Ковалевский не давал читателям ответ, насколько скоро континентальный дуализм сменится полноценным союзом европейских государств. Однако он полагал, что формальное объединение, разумеется без создания наднационального правительства, вполне реальный геополитический проект. Создание такого союза было не только способно сохранить и упрочить международный мир, но и упорядочить развитие мировой торговли и промышленности. Межгосударственные конфликты, гражданские войны, центробежные тенденции, которые продолжали сотрясать Старый Свет, виделись ученому временной и досадной помехой объективному стремлению европейских стран к объединению. В пользу реальности этого процесса свидетельствовали - развитие третейского разбирательства, плодотворная работа двух мирных Гаагских конференций, распространение пацифистских идей в обществе и политических кругах. Таким образом, по мнению Ковалевского, «политическая эволюция народов и государств сказывается не в одном только смягчении ужасов войны, но и во все более и более частой замене ее соглашением заинтересованных сторон при прямом или косвенном участии всех, некоторых или одного какого-либо члена международного союза» [там же, с. 255-256].
Политический прогресс означал и изменение образа врага.

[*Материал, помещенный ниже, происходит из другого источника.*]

lemma abs_return_ratio_minus_1_le: "\<bar>Qpow Q m x x / \<pi> x - 1\<bar> \<le> heat_norm x (m div 2) - 1"
proof (cases "even m")
  case True
  then have "Qpow Q m x x / \<pi> x = heat_norm x (m div 2)"
    by (simp add: heat_norm_eq)
  then show ?thesis
    using inner_pi_self_ge_1[OF mass_heat, of x "m div 2"] by (simp add: heat_norm_def)
next
  case False
  define k where "k = m div 2"
  have "m = k + Suc k"
    using False unfolding k_def by presburger
  then have "\<bar>Qpow Q m x x / \<pi> x - 1\<bar> \<le> ((heat_norm x k - 1) + (heat_norm x (Suc k) - 1)) / 2"
    using abs_inner_pi_minus_1_le[OF mass_heat mass_heat, of x k x "Suc k"]
    by (simp add: inner_pi_heat heat_norm_def)
  then show ?thesis
    using heat_norm_Suc_le[of x k] by (simp add: k_def)
qed

lemma heat_norm_gap_bound:
  "(heat_norm x k - 1) * (c / (1 - a) + gap_const * k) \<le> 1"
proof (rule quadratic_decrease_inverse)
  show "gap_const \<ge> 0" "c / (1 - a) > 0"
    using a_pos a_lt_1 c_pos by (simp_all add: gap_const_def)
  show "heat_norm x j - 1 \<ge> 0" for j
    using inner_pi_self_ge_1[OF mass_heat] by (simp add: heat_norm_def)
  show "heat_norm x (Suc j) - 1 \<le> (heat_norm x j - 1) - gap_const * (heat_norm x j - 1)^2" for j
    using gap_inequality[OF heat_nonneg mass_heat] by (simp add: heat_norm_def heat_Suc)
  have "heat_norm x 0 - 1 \<le> (1 - a) / c"
    using heat_norm_le[of x 0] inverse_pi_le[of x] by linarith
  then show "(heat_norm x 0 - 1) * (c / (1 - a)) \<le> 1"
    using a_lt_1 c_pos by (simp add: field_simps)
qed
(* Let $F\in L^p(\mu)$, $p>1$. Then $E[F\mid U_\lambda=w]\in L^{p'}(\mu)$ for every $p'<p$, and the map $\lambda\mapsto E[F\mid U_\lambda=w]$ is weakly continuous with values in $L^{p'}(\mu)$ for every $p'<p$.
   Context: Setting: $W=C_0([0,1],\mathbb R^d)$ with Wiener measure $\mu$, completed Brownian filtration $(\mathcal F_t)$, Cameron–Martin space $H$ ($|h|_H^2=\int_0^1|\dot h|^2ds$). For real $\lambda$, $U_\lambda(t,w)=W_t(w)+\int_0^t\dot u_\lambda(s,w)ds$ with $\dot u_\lambda$ adapted and square integrable, $u_\lambda=\int_0^\cdot\dot u_\lambda ds$, $E[\rho(-\delta u_\lambda)]=1$ where $\rho(-\delta u_\lambda)=\exp(-\int_0^1\dot u_\lambda dW-\frac12\int_0^1|\dot u_\lambda|^2ds)$; $\lambda\mapsto\dot u_\lambda$ is differentiable in $L^2$ with $u_\lambda$ essentially bounded uniformly in $\lambda$. $L_\lambda=dU_\lambda\mu/d\mu$, and it is assumed (as established under the hypotheses of the preceding theorem) that $\lambda\mapsto L_\lambda$ and $\lambda\mapsto L_\lambda^{-1}$ are a.s. and strongly continuous in $L^p(\mu)$. $E[F\mid U_\lambda=w]$ denotes a measurable $g$ with $E[F\mid U_\lambda]=g\circ U_\lambda$ a.s. *)

theory Defs
  imports "HOL-Probability.Probability"
begin

text \<open>Paths in R^d, indexed by the finite type 'd.  The path space
  W = C_0([0,1],R^d) is represented by continuous functions on [0,1]
  vanishing at 0, normalised to be 0 outside [0,1].\<close>

type_synonym 'd path = "real \<Rightarrow> real^'d"

definition path_carrier :: "'d::finite path set" where
  "path_carrier = {w. continuous_on {0..1} w \<and> w 0 = 0 \<and> (\<forall>t. t \<notin> {0..1} \<longrightarrow> w t = 0)}"

text \<open>Sigma-algebra generated by the coordinate maps W_r, r in [0,s]
  (the raw Brownian filtration); for s = 1 this is the Borel sigma-algebra of W.\<close>
definition filt :: "real \<Rightarrow> 'd::finite path measure" where
  "filt s = sigma path_carrier
     {{w \<in> path_carrier. w r \<in> A} | r A. r \<in> {0..s} \<and> A \<in> sets borel}"

definition path_space :: "'d::finite path measure" where
  "path_space = filt 1"

definition wiener_measure :: "'d::finite path measure \<Rightarrow> bool" where
  "wiener_measure \<mu> \<longleftrightarrow> prob_space \<mu> \<and> sets \<mu> = sets path_space \<and>
     (\<forall>(n::nat) (t::nat \<Rightarrow> real). t 0 = 0 \<and> t n \<le> 1 \<and> (\<forall>k<n. t k < t (Suc k)) \<longrightarrow>
        prob_space.indep_vars \<mu> (\<lambda>_. borel)
           (\<lambda>(k, i) w. (w (t (Suc k)) - w (t k)) $ i) ({..<n} \<times> UNIV) \<and>
        (\<forall>k<n. \<forall>i. distributed \<mu> lborel (\<lambda>w. (w (t (Suc k)) - w (t k)) $ i)
                       (normal_density 0 (sqrt (t (Suc k) - t k)))))"

text \<open>A set is in the completed filtration F_s iff it is measurable w.r.t. F_s up to
  a mu-null set; a process is adapted to the completed filtration if for each s its
  time-s value agrees a.e. with an F_s-measurable map.\<close>
definition adapted :: "'d::finite path measure \<Rightarrow> (real \<Rightarrow> 'd path \<Rightarrow> real^'d) \<Rightarrow> bool" where
  "adapted \<mu> v \<longleftrightarrow> (\<forall>s\<in>{0..1}. \<exists>f \<in> borel_measurable (filt s). AE w in \<mu>. v s w = f w)"

definition time_path :: "'d::finite path measure \<Rightarrow> (real \<times> 'd path) measure" where
  "time_path \<mu> = restrict_space lborel {0..1} \<Otimes>\<^sub>M \<mu>"

definition sq_int_process :: "'d::finite path measure \<Rightarrow> (real \<Rightarrow> 'd path \<Rightarrow> real^'d) \<Rightarrow> bool" where
  "sq_int_process \<mu> v \<longleftrightarrow> (\<lambda>(s, w). v s w) \<in> borel_measurable (time_path \<mu>) \<and>
     integrable (time_path \<mu>) (\<lambda>(s, w). (norm (v s w))\<^sup>2)"

definition simple_proc :: "nat \<Rightarrow> (nat \<Rightarrow> real) \<Rightarrow> (nat \<Rightarrow> 'd path \<Rightarrow> real^'d) \<Rightarrow> real \<Rightarrow> 'd::finite path \<Rightarrow> real^'d" where
  "simple_proc n t \<xi> s w = (\<Sum>k<n. indicator {t k..<t (Suc k)} s *\<^sub>R \<xi> k w)"

definition simple_int :: "nat \<Rightarrow> (nat \<Rightarrow> real) \<Rightarrow> (nat \<Rightarrow> 'd path \<Rightarrow> real^'d) \<Rightarrow> 'd::finite path \<Rightarrow> real" where
  "simple_int n t \<xi> w = (\<Sum>k<n. \<xi> k w \<bullet> (w (t (Suc k)) - w (t k)))"

definition simple_adapted :: "nat \<Rightarrow> (nat \<Rightarrow> real) \<Rightarrow> (nat \<Rightarrow> 'd path \<Rightarrow> real^'d) \<Rightarrow> bool" where
  "simple_adapted n t \<xi> \<longleftrightarrow> t 0 = 0 \<and> t n = 1 \<and> (\<forall>k<n. t k < t (Suc k)) \<and>
     (\<forall>k<n. \<xi> k \<in> borel_measurable (filt (t k)) \<and> (\<exists>C. \<forall>w. norm (\<xi> k w) \<le> C))"

text \<open>I is (a version of) the Ito integral int_0^1 v dW: the L^2(mu) limit of the
  integrals of simple adapted processes converging to v in L^2(dt x d mu).\<close>
definition ito_integral :: "'d::finite path measure \<Rightarrow> (real \<Rightarrow> 'd path \<Rightarrow> real^'d) \<Rightarrow> ('d path \<Rightarrow> real) \<Rightarrow> bool" where
  "ito_integral \<mu> v I \<longleftrightarrow> I \<in> borel_measurable \<mu> \<and> integrable \<mu> (\<lambda>w. (I w)\<^sup>2) \<and>
     (\<exists>n t \<xi>. (\<forall>m. simple_adapted (n m) (t m) (\<xi> m)) \<and>
        (\<lambda>m. \<integral>(s, w). (norm (simple_proc (n m) (t m) (\<xi> m) s w - v s w))\<^sup>2 \<partial>time_path \<mu>)
           \<longlonglongrightarrow> 0 \<and>
        (\<lambda>m. \<integral>w. (I w - simple_int (n m) (t m) (\<xi> m) w)\<^sup>2 \<partial>\<mu>) \<longlonglongrightarrow> 0)"

text \<open>|u|_H^2 for u = int_0^. v ds.\<close>
definition H_norm_sq :: "(real \<Rightarrow> real^'d::finite) \<Rightarrow> real" where
  "H_norm_sq v = (LINT s:{0..1}|lborel. (norm (v s))\<^sup>2)"

text \<open>U(t,w) = W_t(w) + int_0^t v(s,w) ds (on the full-measure set where
  s \<mapsto> v s w is square integrable; the identity elsewhere).\<close>
definition perturb :: "(real \<Rightarrow> 'd path \<Rightarrow> real^'d) \<Rightarrow> 'd::finite path \<Rightarrow> 'd path" where
  "perturb v w = (if set_integrable lborel {0..1} (\<lambda>s. (norm (v s w))\<^sup>2)
     then (\<lambda>t. if t \<in> {0..1} then w t + (LINT s:{0..t}|lborel. v s w) else 0)
     else w)"

end

theory Submission
  imports Defs
begin

(* Proof idea.
   (1) By conditional Jensen, g l \<circ> U_l \<in> L^p, i.e. L l |g l|^p is integrable.  Since 1/L l
       has moments of every order, splitting according to the size of L l gives g l \<in> L^{p'}.
   (2) For a test function h of the dual space, E[g l h] = E[F Y l] with Y l = (h / L l) \<circ> U_l.
       Along a subsequence of any k n \<rightarrow> l we get Y (k n) \<rightarrow> Y l a.s.; the dual moments
       E|Y (k n)|^{p*} = E[|h|^{p*} (1/L (k n))^{p*-1}] converge, so by Scheffe and Young's
       inequality F Y (k n) \<rightarrow> F Y l in L^1.  Continuity follows by the subsequence principle.
   (3) The a.s. convergence rests on f \<circ> U (k n) \<rightarrow> f \<circ> U_l in probability for every
       measurable f.  This holds for any maps whose image densities converge in L^1 and which
       converge pointwise on an intersection-stable generator of the \<sigma>-algebra: by Dynkin's
       theorem for all indicators, then for simple functions, then for all f.
   (4) On Wiener space the L^2-differentiability of the drifts yields, along a subsequence,
       pointwise convergence of the perturbed paths, hence (3) for the generator of cylinder sets. *)

(* A power below 1 is at most 1, above 1 it grows with the exponent. *)
lemma powr_le_1_plus_powr:
  fixes x t Q :: real
  assumes "0 \<le> x" "0 < t" "t \<le> Q"
  shows "x powr t \<le> 1 + x powr Q"
proof (cases "x \<le> 1")
  case True
  then have "x powr t \<le> 1" using assms by (simp add: powr_le1)
  then show ?thesis using powr_ge_zero[of x Q] by linarith
next
  case False
  then have "x powr t \<le> x powr Q" using assms by (intro powr_mono) auto
  then show ?thesis by linarith
qed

Если на заре человеческой истории государственная власть видела врага в любом проявлении политической независимости, то по мере общественно-политического развития это понятие стало употребляться лишь по отношению к враждующим участникам военных действий. Одновременно в политическое сознание пришло четкое
понимание того, что жертвовать «благами мира» можно лишь в исключительных случаях, когда под угрозой находится государственная самостоятельность и целостность [14, с. 256-257].
Важнейшим условием обеспечения международного мира Ковалевский считал свободу торговли. Протекционистская политика и торговая автаркия таили в себе «семя международных раздоров и войн». Если столкновения между государствами зачастую вызывались борьбой за новые рынки сбыта, то для их прекращения, естественным образом, следовало проводить политику «открытых дверей». Вовлеченность в мировой хозяйственный оборот сама по себе обеспечивала не только большую экономическую свободу, но и враждебное отношение к открытым нарушениям мира. «Судьбы мира, - констатировал автор, - таким образом, тесно сплетены с судьбами торговли» [там же, с. 257].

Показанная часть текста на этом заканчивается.